Emplois en direct

Découvrez et Postulez pour des emplois

IT Automation & Monitoring Engineer

Contract
,
11.10.2024

IT Automation & Monitoring Engineer

 ,

 

Contract

Our Client

Halian is currently looking on the behalf of an International Financial Institution for an IT Automation & Monitoring Engineer with the following profile:

Role Overview:
The IT Automation & Monitoring Engineer will be responsible for integrating advanced automation practices with system monitoring to improve operational efficiency.
This role involves managing and automating tasks across cloud platforms, leveraging monitoring tools like Splunk to track performance, and providing critical incident and problem management.
You will use automation tools to reduce manual interventions and ensure that the IT infrastructure operates smoothly 24/7.
The ideal candidate will have strong experience in cloud environments, automation tools, and monitoring solutions, combined with the ability to respond to incidents effectively and work under pressure.
Familiarity with release management, incident escalation, and the ability to execute predefined processes in collaboration with different teams is crucial.

Key Responsibilities:

Automation and Monitoring:
- Continuously monitor IT infrastructure for equipment failures, performance degradation, or system alerts using tools such as Splunk, Dynatrace, SCOM, and SquaredUp.
- Develop and maintain Splunk Dashboards to visualize system health, monitor key performance metrics (KPIs), and analyze infrastructure events.
- Leverage Kubernetes, Terraform, Docker, and other container technologies for infrastructure orchestration and management.
- Automate routine tasks, system checks, and service requests using Azure DevOps, Jenkins, Automic (scheduler), and PowerShell/Python scripting.
- Integrate workflows with cloud platforms such as Azure and AWS to enhance infrastructure scalability and performance.

Incident, Problem, and Release Management:
- Experience with incident management, ensuring that incidents are properly logged, escalated, and resolved within Service Level Agreements (SLAs).
- Engage problem management to identify root causes and apply long-term fixes for recurring issues.
- Coordinate and execute release management tasks and business-critical operations, following predefined processes.
- Apply stress-resistant decision-making abilities in high-pressure situations, ensuring the alignment of actions with business objectives.

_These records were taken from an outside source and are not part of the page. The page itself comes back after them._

(* Let $\mathbb{I}>0$, $\xi>0$, and for $\ell>0$ let $g_\xi(\ell)=4\ell^2\int_0^\infty u^2\,\Phi\big(-\frac{u\ell\xi\sqrt{\mathbb{I}}}{2}\big)\phi(u)\,du$. Then $g_\xi$ is maximized at $\ell_{opt}=\frac{2.426}{\xi\sqrt{\mathbb{I}}}$ (constant to three decimals), and $$\alpha_{opt}=4\int_0^\infty\Phi\Big(-\frac{u\ell_{opt}\xi\sqrt{\mathbb{I}}}{2}\Big)\phi(u)\,du=0.439$$ up to three decimal places.
   Context: $\Phi,\phi$ are the standard normal cdf and density. $g_\xi$ is the diffusion speed of the limiting diffusion of additive TMCMC for independent, non-identically scaled targets $\prod_j\theta_j(d)f(\theta_j(d)x_j)$, where $\mathbb{I}=E_f[(f'/f)^2]$ and $\xi$ is a limiting constant determined by the scalings. *)

theory Defs
  imports "HOL-Probability.Probability"
begin

definition Phi :: "real \<Rightarrow> real" where
  "Phi x = (LBINT t:{..x}. std_normal_density t)"

definition g_speed :: "real \<Rightarrow> real \<Rightarrow> real \<Rightarrow> real" where
  "g_speed II xi l = 4 * l\<^sup>2 *
     (LBINT u:{0..}. u\<^sup>2 * Phi (- (u * l * xi * sqrt II) / 2) * std_normal_density u)"

definition alpha_acc :: "real \<Rightarrow> real \<Rightarrow> real \<Rightarrow> real" where
  "alpha_acc II xi l = 4 *
     (LBINT u:{0..}. Phi (- (u * l * xi * sqrt II) / 2) * std_normal_density u)"

end

theory Submission
  imports Defs "HOL-Real_Asymp.Real_Asymp"
begin

text \<open>Put \<open>k = \<xi> \<surd>\<I> / 2\<close>. Writing \<open>\<Phi>(-s u) = u \<integral>\<^sub>s\<^sup>\<infinity> \<phi>(w u) dw\<close> and exchanging the
  order of integration, the inner integrals over \<open>u\<close> are elementary Gaussian moments and the
  outer ones are rational functions of \<open>w\<close> with \<open>arctan\<close> as antiderivative. This gives
  \<open>g\<^sub>\<xi>(\<ell>) = 2 G(k \<ell>) / (\<pi> k\<^sup>2)\<close> with \<open>G(s) = s\<^sup>2 (\<pi>/2 - arctan s - s/(1+s\<^sup>2))\<close>, and
  \<open>\<alpha> = 1 - 2 arctan(k \<ell>) / \<pi>\<close>.
  Now \<open>G' = 2 s K\<close> with \<open>K' = (s\<^sup>2 - 3)/(1+s\<^sup>2)\<^sup>3\<close> and \<open>K \<rightarrow> 0\<close> at infinity, so \<open>K\<close> decreases
  on \<open>[0, \<surd>3]\<close> and is negative beyond \<open>\<surd>3\<close>: its unique positive zero is the unique
  maximiser of \<open>G\<close>. Since \<open>arctan ((1+y)/(1-y)) = \<pi>/4 + arctan y\<close>, alternating-series bounds
  for \<open>arctan\<close> at small \<open>y\<close> give \<open>K(1.21275) > 0 > K(1.21325)\<close>, which pins down
  \<open>\<ell>\<^sub>o\<^sub>p\<^sub>t \<xi> \<surd>\<I> = 2 k \<ell>\<^sub>o\<^sub>p\<^sub>t\<close> and \<open>\<alpha>\<^sub>o\<^sub>p\<^sub>t\<close>.\<close>

lemma nn_integral_Phi:
  "ennreal (Phi x) = (\<integral>\<^sup>+t. ennreal (std_normal_density t * indicator {..x} t) \<partial>lborel)"
proof -
  have i: "integrable lborel (\<lambda>t. std_normal_density t * indicator {..x} t)"
    by (intro integrable_real_mult_indicator) auto
  have "Phi x = (\<integral>t. std_normal_density t * indicator {..x} t \<partial>lborel)"
    unfolding Phi_def set_lebesgue_integral_def by (simp add: mult.commute)
  then show ?thesis
    using nn_integral_eq_integral[OF i] by simp
qed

Process Optimization and Continuous Improvement:
- Identify inefficiencies in operational processes and implement automation to enhance performance and reduce manual interventions.
- Continuously update and refine operational and technical documentation, contributing to knowledge-sharing within the team.
- Collaborate with cross-functional teams to design and implement new solutions that improve reliability and speed of service deliver

Job Skills and Requirements:
Automation Expertise:
- Strong hands-on experience with automation tools such as Azure DevOps, Jenkins, Automic, and script-based automation using PowerShell and Python.
- Proven track record of managing cloud-based infrastructures with Azure, Kubernetes, and Docker for orchestration and container management.

Monitoring Expertise:
- Proficient in using Splunk for monitoring infrastructure, creating custom dashboards, and analyzing real-time system performance.
- Experience with IT monitoring tools like Splunk, Dynatrace, SCOM, Grafana, SquaredUp, Aria Operations for tracking and visualizing infrastructure health.

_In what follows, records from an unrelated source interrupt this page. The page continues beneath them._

lemma nn_integral_cost3_finite:
  assumes L: "L \<in> plans \<mu> \<nu> \<gamma>"
    and "(\<integral>\<^sup>+x. ennreal ((norm x)\<^sup>2) \<partial>\<mu>) < \<infinity>" "(\<integral>\<^sup>+x. ennreal ((norm x)\<^sup>2) \<partial>\<nu>) < \<infinity>"
    and "(\<integral>\<^sup>+x. ennreal ((norm x)\<^sup>2) \<partial>\<gamma>) < \<infinity>"
  shows "(\<integral>\<^sup>+p. ennreal (cost3 p) \<partial>L) < \<infinity>"
proof -
  have sL: "sets L = sets borel" using L unfolding plans_def by auto
  note mL = measurable_cong_sets[OF sL refl]
  let ?m = "\<lambda>M. \<integral>\<^sup>+x. ennreal ((norm x)\<^sup>2) \<partial>M"
  have moment: "(\<integral>\<^sup>+p. ennreal ((norm (s p))\<^sup>2) \<partial>L) = ?m \<kappa>"
    if "s \<in> borel_measurable borel" and "distr L borel s = \<kappa>" for s :: "pt \<times> pt \<times> pt \<Rightarrow> pt" and \<kappa>
  proof -
    have "(\<integral>\<^sup>+p. ennreal ((norm (s p))\<^sup>2) \<partial>L) = ?m (distr L borel s)"
      using that(1) by (subst nn_integral_distr) (auto simp: mL)
    with that(2) show ?thesis by simp
  qed
  have "(\<integral>\<^sup>+p. ennreal (cost3 p) \<partial>L) \<le> (\<integral>\<^sup>+p. 4 * ennreal ((norm (fst p))\<^sup>2)
      + 4 * ennreal ((norm (fst (snd p)))\<^sup>2) + 4 * ennreal ((norm (snd (snd p)))\<^sup>2) \<partial>L)"
  proof (intro nn_integral_mono)
    fix p :: "pt \<times> pt \<times> pt"
    obtain x y z where p: "p = (x, y, z)" by (cases p) auto
    have "ennreal (cost3 p) \<le> ennreal (4 * (norm x)\<^sup>2 + 4 * (norm y)\<^sup>2 + 4 * (norm z)\<^sup>2)"
      unfolding p using cost3_le[of x y z] by (intro ennreal_leI) simp
    then show "ennreal (cost3 p) \<le> 4 * ennreal ((norm (fst p))\<^sup>2)
      + 4 * ennreal ((norm (fst (snd p)))\<^sup>2) + 4 * ennreal ((norm (snd (snd p)))\<^sup>2)"
      by (simp add: p ennreal_plus ennreal_mult)
  qed
  also have "\<dots> = 4 * ?m \<mu> + 4 * ?m \<nu> + 4 * ?m \<gamma>"
    using L by (simp add: nn_integral_add nn_integral_cmult mL moment plans_def)
  also have "\<dots> < \<infinity>" using assms(2-4) by (simp add: ennreal_mult_less_top)
  finally show ?thesis .
qed

lemma nn_integral_cost3_collapse:
  fixes L :: "(pt \<times> pt \<times> pt) measure"
  assumes sL: "sets L = sets borel"
  shows "(\<integral>\<^sup>+p. ennreal (cost3 (fst p, fst p, snd (snd p))) \<partial>L)
      + (\<integral>\<^sup>+p. ennreal (cost3 (fst (snd p), fst (snd p), snd (snd p))) \<partial>L)
      + 2 * (\<integral>\<^sup>+p. ennreal ((norm (fst p - fst (snd p)))\<^sup>2) \<partial>L)
    = 2 * (\<integral>\<^sup>+p. ennreal (cost3 p) \<partial>L)"
proof -
  note mL = measurable_cong_sets[OF sL refl]
  have "ennreal (cost3 (x, x, z)) + ennreal (cost3 (y, y, z)) + 2 * ennreal ((norm (x - y))\<^sup>2)
      = 2 * ennreal (cost3 (x, y, z))" for x y z
  proof -
    have "ennreal (cost3 (x, x, z)) + ennreal (cost3 (y, y, z)) + 2 * ennreal ((norm (x - y))\<^sup>2)
        = ennreal (cost3 (x, x, z) + cost3 (y, y, z) + 2 * (norm (x - y))\<^sup>2)"
      using cost3_nonneg[of "(x, x, z)"] cost3_nonneg[of "(y, y, z)"] by (simp add: ennreal_plus ennreal_mult)
    also have "\<dots> = 2 * ennreal (cost3 (x, y, z))"
      using cost3_nonneg[of "(x, y, z)"] by (simp add: cost3_collapse ennreal_mult)
    finally show ?thesis .
  qed
  then have "(\<integral>\<^sup>+p. ennreal (cost3 (fst p, fst p, snd (snd p)))
        + ennreal (cost3 (fst (snd p), fst (snd p), snd (snd p)))
        + 2 * ennreal ((norm (fst p - fst (snd p)))\<^sup>2) \<partial>L)
      = (\<integral>\<^sup>+p. 2 * ennreal (cost3 p) \<partial>L)"
    by (intro nn_integral_cong) (auto split: prod.split)
  then show ?thesis by (simp add: nn_integral_add nn_integral_cmult mL)
qed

Incident, Release, and Problem Management:
- Knowledge of ITIL best practices for incident and change management, including the ability to manage incidents in a 24/7 operations environment.
- Strong understanding of ITSM tools for workflow management, incident logging, and problem resolution.

Technical and Analytical Skills:
- Proficiency in managing complex IT environments with a focus on automation and process efficiency.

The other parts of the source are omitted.